→ What you have to do: Take each line from the entries that holds "every" and copy it out.

→ Material for this task:
+++++

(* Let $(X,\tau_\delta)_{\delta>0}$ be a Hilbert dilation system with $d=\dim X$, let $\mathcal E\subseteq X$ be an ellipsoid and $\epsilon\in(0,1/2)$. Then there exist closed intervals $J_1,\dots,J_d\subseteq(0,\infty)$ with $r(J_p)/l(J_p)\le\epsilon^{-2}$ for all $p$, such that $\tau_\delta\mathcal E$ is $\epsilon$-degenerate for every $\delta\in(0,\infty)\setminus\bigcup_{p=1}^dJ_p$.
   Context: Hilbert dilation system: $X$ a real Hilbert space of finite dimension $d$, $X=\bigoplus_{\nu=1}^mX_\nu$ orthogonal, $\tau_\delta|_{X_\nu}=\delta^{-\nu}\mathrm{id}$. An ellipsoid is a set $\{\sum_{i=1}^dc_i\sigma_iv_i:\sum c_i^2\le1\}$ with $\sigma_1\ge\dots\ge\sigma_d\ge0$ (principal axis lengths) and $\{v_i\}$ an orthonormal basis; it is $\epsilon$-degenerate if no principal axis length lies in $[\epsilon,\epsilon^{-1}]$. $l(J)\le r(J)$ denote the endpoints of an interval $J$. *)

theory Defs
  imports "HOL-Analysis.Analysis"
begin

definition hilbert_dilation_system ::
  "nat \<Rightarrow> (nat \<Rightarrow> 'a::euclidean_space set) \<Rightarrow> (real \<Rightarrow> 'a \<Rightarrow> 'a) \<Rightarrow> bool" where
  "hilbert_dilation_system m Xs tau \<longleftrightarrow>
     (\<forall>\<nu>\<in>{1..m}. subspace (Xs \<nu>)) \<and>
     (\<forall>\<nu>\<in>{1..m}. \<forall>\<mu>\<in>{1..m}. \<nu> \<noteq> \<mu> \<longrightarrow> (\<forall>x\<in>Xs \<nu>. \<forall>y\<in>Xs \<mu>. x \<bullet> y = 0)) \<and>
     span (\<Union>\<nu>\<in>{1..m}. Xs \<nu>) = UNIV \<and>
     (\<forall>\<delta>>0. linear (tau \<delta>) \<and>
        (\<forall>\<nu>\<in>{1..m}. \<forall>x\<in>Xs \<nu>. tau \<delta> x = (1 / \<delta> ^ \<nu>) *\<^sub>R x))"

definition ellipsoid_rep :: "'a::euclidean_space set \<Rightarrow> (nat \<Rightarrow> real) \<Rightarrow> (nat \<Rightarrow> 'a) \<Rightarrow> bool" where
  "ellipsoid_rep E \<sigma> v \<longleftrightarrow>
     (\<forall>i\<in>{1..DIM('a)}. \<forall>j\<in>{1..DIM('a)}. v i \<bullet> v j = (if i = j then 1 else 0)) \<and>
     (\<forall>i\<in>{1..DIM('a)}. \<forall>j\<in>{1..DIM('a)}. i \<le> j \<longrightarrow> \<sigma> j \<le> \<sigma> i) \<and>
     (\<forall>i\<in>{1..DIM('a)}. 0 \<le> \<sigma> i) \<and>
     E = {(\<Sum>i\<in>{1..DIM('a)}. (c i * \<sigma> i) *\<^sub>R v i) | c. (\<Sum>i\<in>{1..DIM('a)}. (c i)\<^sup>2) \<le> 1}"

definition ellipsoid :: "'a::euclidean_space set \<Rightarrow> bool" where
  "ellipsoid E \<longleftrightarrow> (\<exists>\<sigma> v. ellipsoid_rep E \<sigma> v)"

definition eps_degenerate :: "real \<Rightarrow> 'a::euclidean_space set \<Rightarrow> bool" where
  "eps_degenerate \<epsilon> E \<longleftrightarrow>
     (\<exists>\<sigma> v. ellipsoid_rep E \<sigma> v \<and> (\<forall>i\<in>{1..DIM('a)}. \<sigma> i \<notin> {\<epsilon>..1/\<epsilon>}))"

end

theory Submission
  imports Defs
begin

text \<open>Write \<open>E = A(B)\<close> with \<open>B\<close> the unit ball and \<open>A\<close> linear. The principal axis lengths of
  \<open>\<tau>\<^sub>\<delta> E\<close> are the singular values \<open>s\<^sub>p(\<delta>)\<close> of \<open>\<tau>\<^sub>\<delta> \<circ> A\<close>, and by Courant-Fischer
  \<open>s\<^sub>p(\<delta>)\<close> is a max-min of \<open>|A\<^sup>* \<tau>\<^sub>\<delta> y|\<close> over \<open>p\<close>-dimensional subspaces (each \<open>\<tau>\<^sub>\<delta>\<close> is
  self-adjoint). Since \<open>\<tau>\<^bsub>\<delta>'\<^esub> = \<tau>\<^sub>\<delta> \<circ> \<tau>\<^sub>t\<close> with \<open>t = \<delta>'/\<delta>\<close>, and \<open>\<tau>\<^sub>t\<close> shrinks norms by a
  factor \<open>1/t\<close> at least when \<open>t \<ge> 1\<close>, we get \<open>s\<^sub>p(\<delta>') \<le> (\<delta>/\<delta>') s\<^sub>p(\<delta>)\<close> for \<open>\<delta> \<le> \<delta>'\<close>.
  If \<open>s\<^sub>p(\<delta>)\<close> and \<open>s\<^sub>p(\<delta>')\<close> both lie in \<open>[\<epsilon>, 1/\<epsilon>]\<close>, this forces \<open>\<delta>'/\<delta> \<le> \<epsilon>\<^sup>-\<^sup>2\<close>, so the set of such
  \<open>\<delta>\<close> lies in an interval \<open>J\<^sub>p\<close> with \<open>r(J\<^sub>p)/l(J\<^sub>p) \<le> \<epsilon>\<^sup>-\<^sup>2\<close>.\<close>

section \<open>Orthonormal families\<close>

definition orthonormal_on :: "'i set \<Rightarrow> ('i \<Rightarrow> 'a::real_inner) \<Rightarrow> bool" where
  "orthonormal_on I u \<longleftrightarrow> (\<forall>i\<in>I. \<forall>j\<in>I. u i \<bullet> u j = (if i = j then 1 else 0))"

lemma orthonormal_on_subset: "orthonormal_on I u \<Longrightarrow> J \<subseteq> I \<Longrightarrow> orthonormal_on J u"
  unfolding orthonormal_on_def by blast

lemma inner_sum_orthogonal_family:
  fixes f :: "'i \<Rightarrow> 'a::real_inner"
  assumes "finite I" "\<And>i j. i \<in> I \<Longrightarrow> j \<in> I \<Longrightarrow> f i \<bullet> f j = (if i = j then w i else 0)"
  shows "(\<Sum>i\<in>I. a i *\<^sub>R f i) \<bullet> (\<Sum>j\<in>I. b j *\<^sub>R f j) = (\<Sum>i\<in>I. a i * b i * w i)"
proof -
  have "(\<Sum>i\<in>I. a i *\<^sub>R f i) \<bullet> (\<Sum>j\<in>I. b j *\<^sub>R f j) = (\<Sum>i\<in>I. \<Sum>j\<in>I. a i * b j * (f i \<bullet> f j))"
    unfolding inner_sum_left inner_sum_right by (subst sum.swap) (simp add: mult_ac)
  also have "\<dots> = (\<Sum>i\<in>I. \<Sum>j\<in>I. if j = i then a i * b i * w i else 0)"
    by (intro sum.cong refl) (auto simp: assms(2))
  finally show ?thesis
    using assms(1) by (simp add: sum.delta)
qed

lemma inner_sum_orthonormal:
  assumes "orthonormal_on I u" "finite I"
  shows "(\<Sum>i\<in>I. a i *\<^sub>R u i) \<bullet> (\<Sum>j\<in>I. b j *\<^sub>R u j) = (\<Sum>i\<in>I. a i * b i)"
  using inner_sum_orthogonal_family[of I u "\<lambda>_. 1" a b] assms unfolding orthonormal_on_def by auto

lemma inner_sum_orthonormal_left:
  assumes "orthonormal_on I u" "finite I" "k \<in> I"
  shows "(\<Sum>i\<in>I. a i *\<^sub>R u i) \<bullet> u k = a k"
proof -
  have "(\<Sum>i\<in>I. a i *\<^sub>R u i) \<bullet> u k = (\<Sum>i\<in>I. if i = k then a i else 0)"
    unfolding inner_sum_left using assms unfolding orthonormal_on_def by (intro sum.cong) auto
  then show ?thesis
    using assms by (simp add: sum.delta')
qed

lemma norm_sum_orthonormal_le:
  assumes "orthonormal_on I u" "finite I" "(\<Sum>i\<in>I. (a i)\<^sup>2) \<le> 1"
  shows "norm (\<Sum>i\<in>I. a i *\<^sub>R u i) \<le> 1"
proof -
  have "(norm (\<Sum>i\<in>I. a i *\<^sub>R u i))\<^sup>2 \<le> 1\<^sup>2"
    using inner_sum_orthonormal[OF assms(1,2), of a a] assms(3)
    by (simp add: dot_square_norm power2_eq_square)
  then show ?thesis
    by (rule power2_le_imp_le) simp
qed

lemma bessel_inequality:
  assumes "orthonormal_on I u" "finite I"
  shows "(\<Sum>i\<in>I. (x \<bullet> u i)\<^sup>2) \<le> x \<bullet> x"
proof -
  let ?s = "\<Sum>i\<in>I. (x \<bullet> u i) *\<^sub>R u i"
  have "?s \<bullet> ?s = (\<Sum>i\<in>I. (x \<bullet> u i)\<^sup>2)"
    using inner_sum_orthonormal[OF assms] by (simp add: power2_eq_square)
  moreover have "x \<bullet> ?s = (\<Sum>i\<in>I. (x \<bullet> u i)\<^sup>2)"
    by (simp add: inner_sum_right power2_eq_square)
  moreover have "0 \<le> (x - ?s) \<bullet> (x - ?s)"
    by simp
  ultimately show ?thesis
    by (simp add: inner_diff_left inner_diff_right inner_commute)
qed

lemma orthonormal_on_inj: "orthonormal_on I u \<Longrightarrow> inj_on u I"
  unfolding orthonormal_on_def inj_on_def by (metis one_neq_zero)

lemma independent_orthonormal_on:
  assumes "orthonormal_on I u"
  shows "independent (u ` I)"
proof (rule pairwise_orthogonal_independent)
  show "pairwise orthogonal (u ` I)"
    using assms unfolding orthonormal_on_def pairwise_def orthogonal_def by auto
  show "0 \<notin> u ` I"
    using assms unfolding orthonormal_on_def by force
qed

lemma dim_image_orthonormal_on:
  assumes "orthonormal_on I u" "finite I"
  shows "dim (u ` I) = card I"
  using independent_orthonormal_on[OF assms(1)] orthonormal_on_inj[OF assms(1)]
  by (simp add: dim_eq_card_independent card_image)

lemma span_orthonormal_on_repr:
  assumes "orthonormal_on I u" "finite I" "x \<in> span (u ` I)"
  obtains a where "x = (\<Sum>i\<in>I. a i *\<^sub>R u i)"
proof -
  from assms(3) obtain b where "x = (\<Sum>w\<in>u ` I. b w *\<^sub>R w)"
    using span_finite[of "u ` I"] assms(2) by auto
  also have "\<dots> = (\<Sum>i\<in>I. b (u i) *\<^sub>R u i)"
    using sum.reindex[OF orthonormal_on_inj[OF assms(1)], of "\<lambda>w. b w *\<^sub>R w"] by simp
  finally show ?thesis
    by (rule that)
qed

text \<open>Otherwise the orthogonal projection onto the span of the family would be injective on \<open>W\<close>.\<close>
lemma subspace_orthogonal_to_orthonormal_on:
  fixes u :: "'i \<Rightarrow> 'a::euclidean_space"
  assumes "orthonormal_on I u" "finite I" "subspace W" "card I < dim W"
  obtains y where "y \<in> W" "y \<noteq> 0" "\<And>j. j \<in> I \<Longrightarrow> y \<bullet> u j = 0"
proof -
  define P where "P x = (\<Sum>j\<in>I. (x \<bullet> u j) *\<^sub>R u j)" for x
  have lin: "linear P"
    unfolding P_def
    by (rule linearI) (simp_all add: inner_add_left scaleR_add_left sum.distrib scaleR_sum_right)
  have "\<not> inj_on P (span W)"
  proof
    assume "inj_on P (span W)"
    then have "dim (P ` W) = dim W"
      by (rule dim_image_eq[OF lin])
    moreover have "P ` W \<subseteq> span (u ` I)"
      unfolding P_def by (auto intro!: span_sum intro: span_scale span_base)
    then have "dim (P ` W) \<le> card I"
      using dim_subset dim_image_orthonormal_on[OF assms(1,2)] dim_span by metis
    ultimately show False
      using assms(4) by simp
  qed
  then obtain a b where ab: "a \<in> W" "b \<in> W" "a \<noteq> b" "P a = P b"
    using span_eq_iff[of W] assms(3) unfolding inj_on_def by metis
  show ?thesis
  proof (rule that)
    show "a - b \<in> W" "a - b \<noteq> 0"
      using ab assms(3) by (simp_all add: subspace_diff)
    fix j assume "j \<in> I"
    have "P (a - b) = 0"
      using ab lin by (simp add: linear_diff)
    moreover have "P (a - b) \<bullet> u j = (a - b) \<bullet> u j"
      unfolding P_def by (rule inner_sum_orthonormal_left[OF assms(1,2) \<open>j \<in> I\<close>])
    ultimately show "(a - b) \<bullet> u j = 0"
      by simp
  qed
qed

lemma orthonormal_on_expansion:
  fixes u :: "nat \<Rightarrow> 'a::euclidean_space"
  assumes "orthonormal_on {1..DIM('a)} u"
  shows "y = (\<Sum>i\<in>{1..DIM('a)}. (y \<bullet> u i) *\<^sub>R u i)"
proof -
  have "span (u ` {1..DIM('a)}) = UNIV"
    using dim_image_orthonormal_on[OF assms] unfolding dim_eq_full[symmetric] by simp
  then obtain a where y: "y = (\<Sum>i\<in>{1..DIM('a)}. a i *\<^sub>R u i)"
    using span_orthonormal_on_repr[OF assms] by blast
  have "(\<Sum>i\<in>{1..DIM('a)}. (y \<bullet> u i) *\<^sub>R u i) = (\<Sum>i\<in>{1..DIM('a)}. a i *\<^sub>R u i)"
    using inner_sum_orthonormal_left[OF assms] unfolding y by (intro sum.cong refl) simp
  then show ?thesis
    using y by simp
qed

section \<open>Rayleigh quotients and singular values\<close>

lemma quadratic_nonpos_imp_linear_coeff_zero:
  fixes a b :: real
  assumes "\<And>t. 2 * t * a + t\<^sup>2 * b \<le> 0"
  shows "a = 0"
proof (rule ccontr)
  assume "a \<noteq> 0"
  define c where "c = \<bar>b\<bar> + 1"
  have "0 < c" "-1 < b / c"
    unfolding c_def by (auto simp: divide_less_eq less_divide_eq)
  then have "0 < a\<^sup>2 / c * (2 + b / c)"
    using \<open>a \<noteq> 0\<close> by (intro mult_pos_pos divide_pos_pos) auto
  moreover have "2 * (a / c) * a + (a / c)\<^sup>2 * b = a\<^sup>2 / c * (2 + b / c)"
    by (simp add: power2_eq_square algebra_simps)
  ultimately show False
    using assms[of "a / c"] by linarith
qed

+++++

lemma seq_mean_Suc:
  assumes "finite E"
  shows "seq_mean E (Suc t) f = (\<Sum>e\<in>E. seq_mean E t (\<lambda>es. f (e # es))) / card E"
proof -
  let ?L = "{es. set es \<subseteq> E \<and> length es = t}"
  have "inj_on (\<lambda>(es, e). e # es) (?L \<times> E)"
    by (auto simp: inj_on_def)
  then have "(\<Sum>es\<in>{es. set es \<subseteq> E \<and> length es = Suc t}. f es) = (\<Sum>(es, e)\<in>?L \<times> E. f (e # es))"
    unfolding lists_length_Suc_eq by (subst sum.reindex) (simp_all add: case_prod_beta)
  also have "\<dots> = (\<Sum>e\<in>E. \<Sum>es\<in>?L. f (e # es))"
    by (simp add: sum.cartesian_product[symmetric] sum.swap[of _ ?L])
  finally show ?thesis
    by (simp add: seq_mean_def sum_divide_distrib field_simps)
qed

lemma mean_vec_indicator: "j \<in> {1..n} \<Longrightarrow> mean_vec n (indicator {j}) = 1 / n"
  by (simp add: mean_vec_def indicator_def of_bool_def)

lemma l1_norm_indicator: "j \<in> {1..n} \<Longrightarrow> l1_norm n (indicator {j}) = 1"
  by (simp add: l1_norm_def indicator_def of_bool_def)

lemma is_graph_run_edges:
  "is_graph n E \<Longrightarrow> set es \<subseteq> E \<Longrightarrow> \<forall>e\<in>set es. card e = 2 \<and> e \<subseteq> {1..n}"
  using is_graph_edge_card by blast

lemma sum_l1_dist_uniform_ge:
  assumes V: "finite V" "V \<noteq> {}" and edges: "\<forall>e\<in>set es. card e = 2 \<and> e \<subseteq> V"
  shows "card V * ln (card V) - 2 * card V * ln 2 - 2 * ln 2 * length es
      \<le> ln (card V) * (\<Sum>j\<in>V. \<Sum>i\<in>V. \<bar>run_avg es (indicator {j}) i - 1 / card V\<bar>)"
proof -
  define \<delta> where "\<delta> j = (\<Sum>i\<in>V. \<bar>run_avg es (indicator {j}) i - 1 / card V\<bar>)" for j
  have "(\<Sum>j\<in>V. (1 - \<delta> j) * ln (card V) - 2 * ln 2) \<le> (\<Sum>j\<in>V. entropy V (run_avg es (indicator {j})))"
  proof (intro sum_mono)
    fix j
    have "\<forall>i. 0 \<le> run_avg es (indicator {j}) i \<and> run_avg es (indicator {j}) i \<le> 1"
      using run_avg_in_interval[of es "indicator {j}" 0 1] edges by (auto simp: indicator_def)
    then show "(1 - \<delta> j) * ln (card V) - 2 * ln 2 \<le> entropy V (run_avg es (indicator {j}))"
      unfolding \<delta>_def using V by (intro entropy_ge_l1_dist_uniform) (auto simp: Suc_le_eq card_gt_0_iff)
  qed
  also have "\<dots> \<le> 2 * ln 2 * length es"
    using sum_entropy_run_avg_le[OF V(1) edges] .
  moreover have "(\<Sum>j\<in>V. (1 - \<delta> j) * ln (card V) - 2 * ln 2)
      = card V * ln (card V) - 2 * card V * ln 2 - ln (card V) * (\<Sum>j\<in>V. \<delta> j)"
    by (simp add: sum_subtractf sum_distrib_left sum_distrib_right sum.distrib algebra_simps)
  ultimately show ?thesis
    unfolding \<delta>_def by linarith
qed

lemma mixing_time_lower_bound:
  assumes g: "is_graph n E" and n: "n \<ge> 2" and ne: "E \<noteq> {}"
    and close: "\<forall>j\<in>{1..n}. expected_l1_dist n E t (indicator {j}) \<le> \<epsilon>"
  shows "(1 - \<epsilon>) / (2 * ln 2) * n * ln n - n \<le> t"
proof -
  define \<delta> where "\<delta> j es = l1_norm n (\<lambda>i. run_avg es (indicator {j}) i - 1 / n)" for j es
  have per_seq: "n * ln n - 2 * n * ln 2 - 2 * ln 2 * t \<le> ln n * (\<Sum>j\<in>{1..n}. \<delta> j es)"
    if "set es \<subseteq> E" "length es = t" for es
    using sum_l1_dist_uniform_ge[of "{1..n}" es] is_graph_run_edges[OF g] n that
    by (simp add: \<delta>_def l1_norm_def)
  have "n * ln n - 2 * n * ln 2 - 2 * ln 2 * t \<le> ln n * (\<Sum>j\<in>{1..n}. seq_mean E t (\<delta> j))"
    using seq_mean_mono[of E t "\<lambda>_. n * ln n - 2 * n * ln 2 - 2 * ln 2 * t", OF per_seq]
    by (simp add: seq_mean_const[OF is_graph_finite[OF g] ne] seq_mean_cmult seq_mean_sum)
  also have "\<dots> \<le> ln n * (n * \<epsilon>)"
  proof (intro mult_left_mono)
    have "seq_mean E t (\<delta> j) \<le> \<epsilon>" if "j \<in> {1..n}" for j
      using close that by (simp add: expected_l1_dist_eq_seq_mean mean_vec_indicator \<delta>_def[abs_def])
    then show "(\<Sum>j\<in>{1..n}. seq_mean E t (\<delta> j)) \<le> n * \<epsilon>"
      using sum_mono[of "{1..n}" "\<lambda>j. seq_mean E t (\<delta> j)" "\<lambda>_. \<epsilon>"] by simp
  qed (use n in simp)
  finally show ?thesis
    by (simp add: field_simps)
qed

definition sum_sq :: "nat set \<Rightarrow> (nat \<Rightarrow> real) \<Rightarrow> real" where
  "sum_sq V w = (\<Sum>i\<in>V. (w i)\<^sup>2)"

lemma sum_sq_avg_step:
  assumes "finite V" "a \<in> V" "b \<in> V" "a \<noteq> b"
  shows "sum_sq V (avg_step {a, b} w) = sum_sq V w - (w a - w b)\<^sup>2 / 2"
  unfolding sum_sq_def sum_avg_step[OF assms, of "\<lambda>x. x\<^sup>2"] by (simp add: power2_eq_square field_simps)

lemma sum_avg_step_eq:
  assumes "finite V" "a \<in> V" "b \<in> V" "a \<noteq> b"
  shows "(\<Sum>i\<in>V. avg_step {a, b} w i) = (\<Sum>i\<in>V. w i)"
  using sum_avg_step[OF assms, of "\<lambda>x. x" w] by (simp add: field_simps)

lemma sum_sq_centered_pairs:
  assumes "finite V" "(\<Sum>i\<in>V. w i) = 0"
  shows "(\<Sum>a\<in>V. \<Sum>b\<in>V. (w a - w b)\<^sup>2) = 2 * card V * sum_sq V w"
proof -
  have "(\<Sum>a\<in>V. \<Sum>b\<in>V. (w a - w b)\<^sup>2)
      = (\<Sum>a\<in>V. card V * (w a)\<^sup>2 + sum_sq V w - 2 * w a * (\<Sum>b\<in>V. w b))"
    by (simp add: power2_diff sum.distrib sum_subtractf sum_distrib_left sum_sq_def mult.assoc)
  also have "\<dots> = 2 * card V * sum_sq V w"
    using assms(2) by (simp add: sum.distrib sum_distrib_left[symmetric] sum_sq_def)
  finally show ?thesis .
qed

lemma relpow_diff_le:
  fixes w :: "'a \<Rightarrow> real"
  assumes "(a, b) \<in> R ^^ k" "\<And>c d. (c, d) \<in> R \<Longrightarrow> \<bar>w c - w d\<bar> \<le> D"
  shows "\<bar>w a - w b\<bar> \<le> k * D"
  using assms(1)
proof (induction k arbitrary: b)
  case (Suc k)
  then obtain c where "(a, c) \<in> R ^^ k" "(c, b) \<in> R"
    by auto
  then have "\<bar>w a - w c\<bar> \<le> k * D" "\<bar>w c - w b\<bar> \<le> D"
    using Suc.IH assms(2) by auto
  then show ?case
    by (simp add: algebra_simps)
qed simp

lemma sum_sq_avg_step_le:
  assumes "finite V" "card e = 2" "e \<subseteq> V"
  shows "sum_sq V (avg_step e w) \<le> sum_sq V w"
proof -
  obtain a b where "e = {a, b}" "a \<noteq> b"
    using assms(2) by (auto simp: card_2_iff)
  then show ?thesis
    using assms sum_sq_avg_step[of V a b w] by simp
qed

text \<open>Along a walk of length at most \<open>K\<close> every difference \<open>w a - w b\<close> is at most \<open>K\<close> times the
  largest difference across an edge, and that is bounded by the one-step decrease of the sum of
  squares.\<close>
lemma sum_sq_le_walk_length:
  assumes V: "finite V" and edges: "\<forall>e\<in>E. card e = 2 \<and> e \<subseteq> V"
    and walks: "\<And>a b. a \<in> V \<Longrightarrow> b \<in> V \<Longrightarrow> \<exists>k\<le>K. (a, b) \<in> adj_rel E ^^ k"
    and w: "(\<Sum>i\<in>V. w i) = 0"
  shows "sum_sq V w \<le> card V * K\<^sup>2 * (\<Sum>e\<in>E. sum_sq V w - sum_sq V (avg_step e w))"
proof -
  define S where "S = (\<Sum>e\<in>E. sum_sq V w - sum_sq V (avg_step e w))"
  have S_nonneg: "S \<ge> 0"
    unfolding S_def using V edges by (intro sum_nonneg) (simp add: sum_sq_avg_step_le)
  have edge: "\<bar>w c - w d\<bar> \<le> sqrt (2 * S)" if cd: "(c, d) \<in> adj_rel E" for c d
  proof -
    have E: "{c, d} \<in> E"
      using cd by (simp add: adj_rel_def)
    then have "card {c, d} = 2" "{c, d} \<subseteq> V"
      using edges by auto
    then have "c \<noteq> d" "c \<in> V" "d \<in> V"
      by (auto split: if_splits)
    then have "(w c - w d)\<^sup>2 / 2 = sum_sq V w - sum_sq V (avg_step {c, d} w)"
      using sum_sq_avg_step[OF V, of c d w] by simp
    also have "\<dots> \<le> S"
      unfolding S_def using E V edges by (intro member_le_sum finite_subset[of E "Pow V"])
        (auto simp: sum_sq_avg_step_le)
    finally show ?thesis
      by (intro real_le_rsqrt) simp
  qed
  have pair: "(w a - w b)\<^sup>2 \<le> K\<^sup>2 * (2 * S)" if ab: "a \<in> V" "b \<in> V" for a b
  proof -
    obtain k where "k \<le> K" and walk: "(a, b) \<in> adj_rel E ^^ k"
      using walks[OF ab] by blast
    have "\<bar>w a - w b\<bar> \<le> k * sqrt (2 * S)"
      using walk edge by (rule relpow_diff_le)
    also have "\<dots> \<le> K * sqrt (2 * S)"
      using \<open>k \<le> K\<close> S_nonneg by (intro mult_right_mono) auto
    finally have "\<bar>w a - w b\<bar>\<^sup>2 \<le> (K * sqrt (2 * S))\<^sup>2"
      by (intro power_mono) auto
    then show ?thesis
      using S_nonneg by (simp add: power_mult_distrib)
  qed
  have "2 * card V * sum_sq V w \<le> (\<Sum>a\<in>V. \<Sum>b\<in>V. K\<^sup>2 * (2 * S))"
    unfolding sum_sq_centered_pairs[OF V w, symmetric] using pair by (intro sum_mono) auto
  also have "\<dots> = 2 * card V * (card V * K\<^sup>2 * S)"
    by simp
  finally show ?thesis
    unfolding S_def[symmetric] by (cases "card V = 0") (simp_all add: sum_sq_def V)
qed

+++++

→ Response to this task:
(* Let $(X,\tau_\delta)_{\delta>0}$ be a Hilbert dilation system with $d=\dim X$, let $\mathcal E\subseteq X$ be an ellipsoid and $\epsilon\in(0,1/2)$. Then there exist closed intervals $J_1,\dots,J_d\subseteq(0,\infty)$ with $r(J_p)/l(J_p)\le\epsilon^{-2}$ for all $p$, such that $\tau_\delta\mathcal E$ is $\epsilon$-degenerate for every $\delta\in(0,\infty)\setminus\bigcup_{p=1}^dJ_p$.
text \<open>Along a walk of length at most \<open>K\<close> every difference \<open>w a - w b\<close> is at most \<open>K\<close> times the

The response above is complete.